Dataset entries
========

lemma split_pf_act_pf_times:
  assumes l: "length l = b" "set l \<subseteq> {..b}" and r: "0 \<notin> set r" and \<gamma>: "\<gamma> \<in> Sh b (length r)"
    and h: "h = pf_act (pf_times b l r) \<gamma>"
  shows "split_shuffle b h = \<gamma>" "low_word b h = l" "high_word b h = r"
proof -
  let ?m = "length r"
  have \<gamma>p: "\<gamma> permutes {1..b+?m}" using Sh_permutes[OF \<gamma>] .
  have lh: "length h = b + ?m" using h l by simp
  have \<gamma>_in: "\<gamma> i \<in> {1..b+?m}" if "i \<in> {1..b+?m}" for i using permutes_in_image[OF \<gamma>p] that by simp
  have h_nth: "h ! (i - 1) = (if \<gamma> i \<le> b then l ! (\<gamma> i - 1) else r ! (\<gamma> i - b - 1) + b)"
    if "i \<in> {1..b+?m}" for i
    using nth_pf_act'[of i "pf_times b l r" \<gamma>] nth_pf_times'[OF l(1) refl \<gamma>_in[OF that]] that h l
    by simp
  have "h ! (i - 1) \<le> b \<longleftrightarrow> \<gamma> i \<le> b" if i: "i \<in> {1..b+?m}" for i
  proof (cases "\<gamma> i \<le> b")
    case True
    then have "l ! (\<gamma> i - 1) \<in> set l" using \<gamma>_in[OF i] l(1) by (intro nth_mem) auto
    then show ?thesis using h_nth[OF i] True l(2) by auto
  next
    case False
    then have "r ! (\<gamma> i - b - 1) \<in> set r" using \<gamma>_in[OF i] by (intro nth_mem) auto
    then have "r ! (\<gamma> i - b - 1) \<noteq> 0" using r by metis
    then show ?thesis using h_nth[OF i] False by auto
  qed
  then have "{i\<in>{1..length h}. h ! (i - 1) \<le> b} = {i\<in>{1..b+?m}. \<gamma> i \<le> b}" using lh by auto
  then show sh: "split_shuffle b h = \<gamma>"
    unfolding split_shuffle_def lh using Sh_eq_shuffle_of_set[OF \<gamma>] by simp
  have inv\<gamma>: "inv \<gamma> j \<in> {1..b+?m}" "\<gamma> (inv \<gamma> j) = j" if "j \<in> {1..b+?m}" for j
    using permutes_inv_mem[OF \<gamma>p that] .
  show "low_word b h = l"
  proof (rule nth_equalityI)
    fix k assume "k < length (low_word b h)"
    then have k: "k + 1 \<in> {1..b}" "k + 1 \<in> {1..b+?m}" by auto
    then show "low_word b h ! k = l ! k"
      using nth_low_word[OF k(1), of h] h_nth[OF inv\<gamma>(1)] inv\<gamma>(2) unfolding sh by simp
  qed (simp add: l)
  show "high_word b h = r"
  proof (rule nth_equalityI)
    fix k assume "k < length (high_word b h)"
    then have k: "k + 1 \<in> {1..length h - b}" "k + 1 + b \<in> {1..b+?m}" using lh by auto
    then show "high_word b h ! k = r ! k"
      using nth_high_word[OF k(1)] h_nth[OF inv\<gamma>(1)] inv\<gamma>(2) unfolding sh by simp
  qed (simp add: lh)
qed

definition first_breakpoint :: "nat list \<Rightarrow> nat" where
  "first_breakpoint f = (LEAST b. 0 < b \<and> count_le f b = b)"

lemma first_breakpoint:
  assumes f: "f \<in> PF n" and n: "1 \<le> n"
  shows "0 < first_breakpoint f" "count_le f (first_breakpoint f) = first_breakpoint f"
    "first_breakpoint f \<le> n" "\<And>b. 0 < b \<Longrightarrow> b < first_breakpoint f \<Longrightarrow> count_le f b \<noteq> b"
proof -
  have "set f \<subseteq> {..n}" using PF_set[OF f] by auto
  then have "count_le f n = n" using count_le_eq_length[of f n] PF_length[OF f] by simp
  then have ex: "0 < n \<and> count_le f n = n" using n by simp
  show "0 < first_breakpoint f" "count_le f (first_breakpoint f) = first_breakpoint f"
    using LeastI[of "\<lambda>b. 0 < b \<and> count_le f b = b", OF ex] unfolding first_breakpoint_def by auto
  show "first_breakpoint f \<le> n"
    using Least_le[of "\<lambda>b. 0 < b \<and> count_le f b = b", OF ex] unfolding first_breakpoint_def .
  show "count_le f b \<noteq> b" if "0 < b" "b < first_breakpoint f" for b
    using not_less_Least[of b "\<lambda>b. 0 < b \<and> count_le f b = b"] that
    unfolding first_breakpoint_def by auto
qed

lemma PPF_iff: "f \<in> PPF n \<longleftrightarrow> f \<in> PF n \<and> 1 \<le> n \<and> first_breakpoint f = n"
proof
  assume f: "f \<in> PPF n"
  then have pf: "f \<in> PF n" and n: "1 \<le> n"
    and prime: "\<And>b. is_breakpoint n f b \<Longrightarrow> b = 0 \<or> b = n"
    unfolding PPF_def PF_def by auto
  have "is_breakpoint n f (first_breakpoint f)"
    unfolding is_breakpoint_iff[OF PF_length[OF pf]] using first_breakpoint(2,3)[OF pf n] by simp
  then have "first_breakpoint f = 0 \<or> first_breakpoint f = n" by (rule prime)
  then show "f \<in> PF n \<and> 1 \<le> n \<and> first_breakpoint f = n"
    using first_breakpoint(1)[OF pf n] pf n by auto
next
  assume f: "f \<in> PF n \<and> 1 \<le> n \<and> first_breakpoint f = n"
  have "b = 0 \<or> b = n" if "is_breakpoint n f b" for b
  proof -
    have "length f = n" using f PF_length by blast
    from that[unfolded is_breakpoint_iff[OF this]] have "b \<le> n" "count_le f b = b" by auto
    then show ?thesis using first_breakpoint(4)[of f n b] f by linarith
  qed
  then show "f \<in> PPF n" using f unfolding PPF_def PF_def by auto
qed

lemma PF_first_breakpoint_factorisation:
  assumes f: "f \<in> PF n" and n: "1 \<le> n" and lt: "first_breakpoint f < n"
  defines "b \<equiv> first_breakpoint f"
  shows "split_shuffle b f \<in> Sh b (n - b)" "low_word b f \<in> PPF b" "high_word b f \<in> PF (n - b)"
    "f = pf_act (pf_times b (low_word b f) (high_word b f)) (split_shuffle b f)"
proof -
  have lf: "length f = n" using PF_length[OF f] .
  have bp: "count_le f b = b" "0 < b" using first_breakpoint[OF f n] unfolding b_def by auto
  show sh: "split_shuffle b f \<in> Sh b (n - b)" using split_shuffle_in_Sh[OF bp(1)] lf by simp
  show fe: "f = pf_act (pf_times b (low_word b f) (high_word b f)) (split_shuffle b f)"
    using pf_act_low_high_word[OF bp(1)] by simp
  have "split_shuffle b f permutes {1..length (pf_times b (low_word b f) (high_word b f))}"
    using Sh_permutes[OF sh] lt lf unfolding b_def by simp
  then have ms: "mset f = mset (pf_times b (low_word b f) (high_word b f))"
    using mset_pf_act fe by metis
  note factors = PF_factors_of_mset_eq[OF f ms _ _ _ set_low_word[OF bp(1)] zero_notin_high_word[OF bp(1)]]
  show "high_word b f \<in> PF (n - b)" using factors(2) lf lt unfolding b_def by simp
  have "b' = 0 \<or> b' = b" if "is_breakpoint b (low_word b f) b'" for b'
  proof -
    have b': "b' \<le> b" "count_le (low_word b f) b' = b'"
      using that unfolding is_breakpoint_iff[OF length_low_word] by auto
    have "count_le f b' = b'"
      using count_le_mset_cong[OF ms] count_le_pf_times[OF b'(1) zero_notin_high_word[OF bp(1)]] b'
      by simp
    then show ?thesis using first_breakpoint(4)[OF f n, of b'] b' unfolding b_def by linarith
  qed
  then show "low_word b f \<in> PPF b"
    using factors(1) lf lt bp(2) unfolding b_def PPF_def PF_def by auto
qed

lemma first_breakpoint_pf_act_pf_times:
  assumes p: "p \<in> PPF b" and r: "r \<in> PF m" and \<gamma>: "\<gamma> \<in> Sh b m"
  shows "first_breakpoint (pf_act (pf_times b p r) \<gamma>) = b"
  unfolding first_breakpoint_def
proof (rule Least_equality)
  let ?h = "pf_act (pf_times b p r) \<gamma>"
  have pf: "p \<in> PF b" and b: "1 \<le> b" and bp: "first_breakpoint p = b" using p unfolding PPF_iff by auto
  have r0: "0 \<notin> set r" using PF_set[OF r] by auto
  have "mset ?h = mset (pf_times b p r)"
    using mset_pf_act Sh_permutes[OF \<gamma>] PF_length[OF pf] PF_length[OF r] by simp
  then have count: "count_le ?h b' = count_le p b'" if "b' \<le> b" for b'
    using count_le_mset_cong count_le_pf_times[OF that r0] by metis
  have "set p \<subseteq> {..b}" using PF_set[OF pf] by auto
  then show "0 < b \<and> count_le ?h b = b"
    using b count[of b] count_le_eq_length[of p b] PF_length[OF pf] by simp
  show "b \<le> b'" if "0 < b' \<and> count_le ?h b' = b'" for b'
    using that count[of b'] first_breakpoint(4)[OF pf b, of b'] bp by force
qed

section \<open>PQSym is a shuffle algebra\<close>

lemma PQ_vector_space: "vector_space (PQ_scale :: 'k::field \<Rightarrow> _)"
  unfolding vector_space_def PQ_scale_def by (auto simp: fun_eq_iff algebra_simps)

lemma PQ_module: "module (PQ_scale :: 'k::field \<Rightarrow> _)"
  using PQ_vector_space module_iff_vector_space by blast

lemma PQ_subspace: "module.subspace (PQ_scale :: 'k::field \<Rightarrow> _) (PQ_V n)"
  unfolding module.subspace_def[OF PQ_module]
proof (intro conjI ballI allI)
  fix x y :: "nat list \<Rightarrow> 'k" assume "x \<in> PQ_V n" "y \<in> PQ_V n"
  moreover have "x w \<noteq> 0 \<or> y w \<noteq> 0" if "(x + y) w \<noteq> 0" for w using that by auto
  ultimately show "x + y \<in> PQ_V n" unfolding PQ_V_def by blast
qed (auto simp: PQ_V_def PQ_scale_def)

lemma PQ_mult_eq:
  "PQ_mult n m \<gamma> x y h =
     (\<Sum>f\<in>PF n. \<Sum>g\<in>PF m. if pf_act (pf_times n f g) \<gamma> = h then x f * y g else 0)"
  unfolding PQ_mult_def sum.cartesian_product by (simp add: case_prod_beta)

lemma PQ_mult_add_left: "PQ_mult n m \<gamma> (x + x') y = PQ_mult n m \<gamma> x y + PQ_mult n m \<gamma> x' y"
  unfolding PQ_mult_def by (auto simp: fun_eq_iff sum.distrib[symmetric] algebra_simps intro!: sum.cong)

lemma PQ_mult_add_right: "PQ_mult n m \<gamma> x (y + y') = PQ_mult n m \<gamma> x y + PQ_mult n m \<gamma> x y'"
  unfolding PQ_mult_def by (auto simp: fun_eq_iff sum.distrib[symmetric] algebra_simps intro!: sum.cong)

lemma PQ_mult_scale_left: "PQ_mult n m \<gamma> (PQ_scale c x) y = PQ_scale c (PQ_mult n m \<gamma> x y)"
  unfolding PQ_mult_def PQ_scale_def
  by (auto simp: fun_eq_iff sum_distrib_left algebra_simps intro!: sum.cong)

lemma PQ_mult_scale_right: "PQ_mult n m \<gamma> x (PQ_scale c y) = PQ_scale c (PQ_mult n m \<gamma> x y)"
  unfolding PQ_mult_def PQ_scale_def
  by (auto simp: fun_eq_iff sum_distrib_left algebra_simps intro!: sum.cong)

lemma PQ_mult_closed:
  assumes x: "x \<in> PQ_V n" and y: "y \<in> PQ_V m" and \<gamma>: "\<gamma> \<in> Sh n m"
  shows "PQ_mult n m \<gamma> x y \<in> PQ_V (n + m)"
  unfolding PQ_V_def mem_Collect_eq
proof (intro allI impI)
  fix h assume "PQ_mult n m \<gamma> x y h \<noteq> 0"
  then obtain f g where fg: "f \<in> PF n" "g \<in> PF m" "pf_act (pf_times n f g) \<gamma> = h" "x f \<noteq> 0"
    unfolding PQ_mult_eq by (auto elim!: sum.not_neutral_contains_not_neutral split: if_splits)
  then have "1 \<le> n" using x unfolding PQ_V_def by auto
  then show "1 \<le> n + m \<and> h \<in> PF (n + m)" using pf_act_pf_times_in_PF[OF fg(1,2) \<gamma>] fg(3) by simp
qed

lemma sum_collapse_fibres:
  fixes v :: "'a \<Rightarrow> 'k::comm_ring_1"
  assumes U: "finite U" and A: "finite A" and c: "\<And>a. a \<in> A \<Longrightarrow> c a \<in> U"
  shows "(\<Sum>u\<in>U. if P u then w * (\<Sum>a\<in>A. if c a = u then v a else 0) else 0)
       = (\<Sum>a\<in>A. if P (c a) then w * v a else 0)"
proof -
  have "(if P u then w * (\<Sum>a\<in>A. if c a = u then v a else 0) else 0)
      = (\<Sum>a\<in>A. if c a = u then (if P u then w * v a else 0) else 0)" for u
    by (cases "P u") (simp_all add: sum_distrib_left if_distrib cong: if_cong)
  then have "(\<Sum>u\<in>U. if P u then w * (\<Sum>a\<in>A. if c a = u then v a else 0) else 0)
      = (\<Sum>u\<in>U. \<Sum>a\<in>A. if c a = u then (if P u then w * v a else 0) else 0)"
    by simp
  also have "\<dots> = (\<Sum>a\<in>A. \<Sum>u\<in>U. if c a = u then (if P u then w * v a else 0) else 0)"
    by (rule sum.swap)
  also have "\<dots> = (\<Sum>a\<in>A. if P (c a) then w * v a else 0)"
    using c U by (intro sum.cong) (auto simp: sum.delta)
  finally show ?thesis .
qed

lemma PQ_mult_right_nested:
  assumes \<delta>: "\<delta> \<in> Sh m r"
  shows "PQ_mult n (m + r) \<gamma> x (PQ_mult m r \<delta> y z) h
       = (\<Sum>f\<in>PF n. \<Sum>g\<in>PF m. \<Sum>k\<in>PF r.
            if pf_act (pf_times n f (pf_act (pf_times m g k) \<delta>)) \<gamma> = h
            then x f * y g * (z k :: 'k::field) else 0)"
proof -
  have "PQ_mult n (m + r) \<gamma> x (PQ_mult m r \<delta> y z) h
      = (\<Sum>f\<in>PF n. \<Sum>u\<in>PF (m+r). if pf_act (pf_times n f u) \<gamma> = h then x f *
           (\<Sum>p\<in>PF m \<times> PF r. if pf_act (pf_times m (fst p) (snd p)) \<delta> = u
                               then y (fst p) * z (snd p) else 0) else 0)"
    unfolding PQ_mult_eq[of n "m+r"] PQ_mult_def[of m r] ..
  also have "\<dots> = (\<Sum>f\<in>PF n. \<Sum>p\<in>PF m \<times> PF r.
      if pf_act (pf_times n f (pf_act (pf_times m (fst p) (snd p)) \<delta>)) \<gamma> = h
      then x f * (y (fst p) * z (snd p)) else 0)"
    by (intro sum.cong refl sum_collapse_fibres)
      (auto simp: finite_PF intro: pf_act_pf_times_in_PF[OF _ _ \<delta>])
  finally show ?thesis
    by (simp add: sum.cartesian_product case_prod_beta mult.assoc cong: if_cong)
qed

lemma PQ_mult_left_nested:
  assumes \<sigma>: "\<sigma> \<in> Sh n m"
  shows "PQ_mult (n + m) r \<tau> (PQ_mult n m \<sigma> x y) z h
       = (\<Sum>f\<in>PF n. \<Sum>g\<in>PF m. \<Sum>k\<in>PF r.
            if pf_act (pf_times (n + m) (pf_act (pf_times n f g) \<sigma>) k) \<tau> = h
            then x f * y g * (z k :: 'k::field) else 0)"
proof -
  have "PQ_mult (n + m) r \<tau> (PQ_mult n m \<sigma> x y) z h
      = (\<Sum>k\<in>PF r. \<Sum>u\<in>PF (n+m). if pf_act (pf_times (n+m) u k) \<tau> = h then z k *
           (\<Sum>p\<in>PF n \<times> PF m. if pf_act (pf_times n (fst p) (snd p)) \<sigma> = u
                               then x (fst p) * y (snd p) else 0) else 0)"
    unfolding PQ_mult_eq[of "n+m" r] PQ_mult_def[of n m]
    by (subst sum.swap) (simp add: mult.commute cong: if_cong)
  also have "\<dots> = (\<Sum>k\<in>PF r. \<Sum>p\<in>PF n \<times> PF m.
      if pf_act (pf_times (n + m) (pf_act (pf_times n (fst p) (snd p)) \<sigma>) k) \<tau> = h
      then z k * (x (fst p) * y (snd p)) else 0)"
    by (intro sum.cong refl sum_collapse_fibres)
      (auto simp: finite_PF intro: pf_act_pf_times_in_PF[OF _ _ \<sigma>])
  also have "\<dots> = (\<Sum>k\<in>PF r. \<Sum>f\<in>PF n. \<Sum>g\<in>PF m.
      if pf_act (pf_times (n + m) (pf_act (pf_times n f g) \<sigma>) k) \<tau> = h
      then x f * y g * z k else 0)"
    by (simp add: sum.cartesian_product case_prod_beta mult_ac cong: if_cong)
  also have "\<dots> = (\<Sum>f\<in>PF n. \<Sum>g\<in>PF m. \<Sum>k\<in>PF r.
      if pf_act (pf_times (n + m) (pf_act (pf_times n f g) \<sigma>) k) \<tau> = h
      then x f * y g * z k else 0)"
    by (subst sum.swap) (subst sum.swap, rule refl)
  finally show ?thesis .
qed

========

WHAT THIS TASK INVOLVES: Go through the data above from its first line and copy each line exactly, stopping once the line with "h l by simp" has been copied.

RESULT FOR THIS EXERCISE:
lemma split_pf_act_pf_times:
  assumes l: "length l = b" "set l \<subseteq> {..b}" and r: "0 \<notin> set r" and \<gamma>: "\<gamma> \<in> Sh b (length r)"
    and h: "h = pf_act (pf_times b l r) \<gamma>"
  shows "split_shuffle b h = \<gamma>" "low_word b h = l" "high_word b h = r"
proof -
  let ?m = "length r"
  have \<gamma>p: "\<gamma> permutes {1..b+?m}" using Sh_permutes[OF \<gamma>] .
  have lh: "length h = b + ?m" using h l by simp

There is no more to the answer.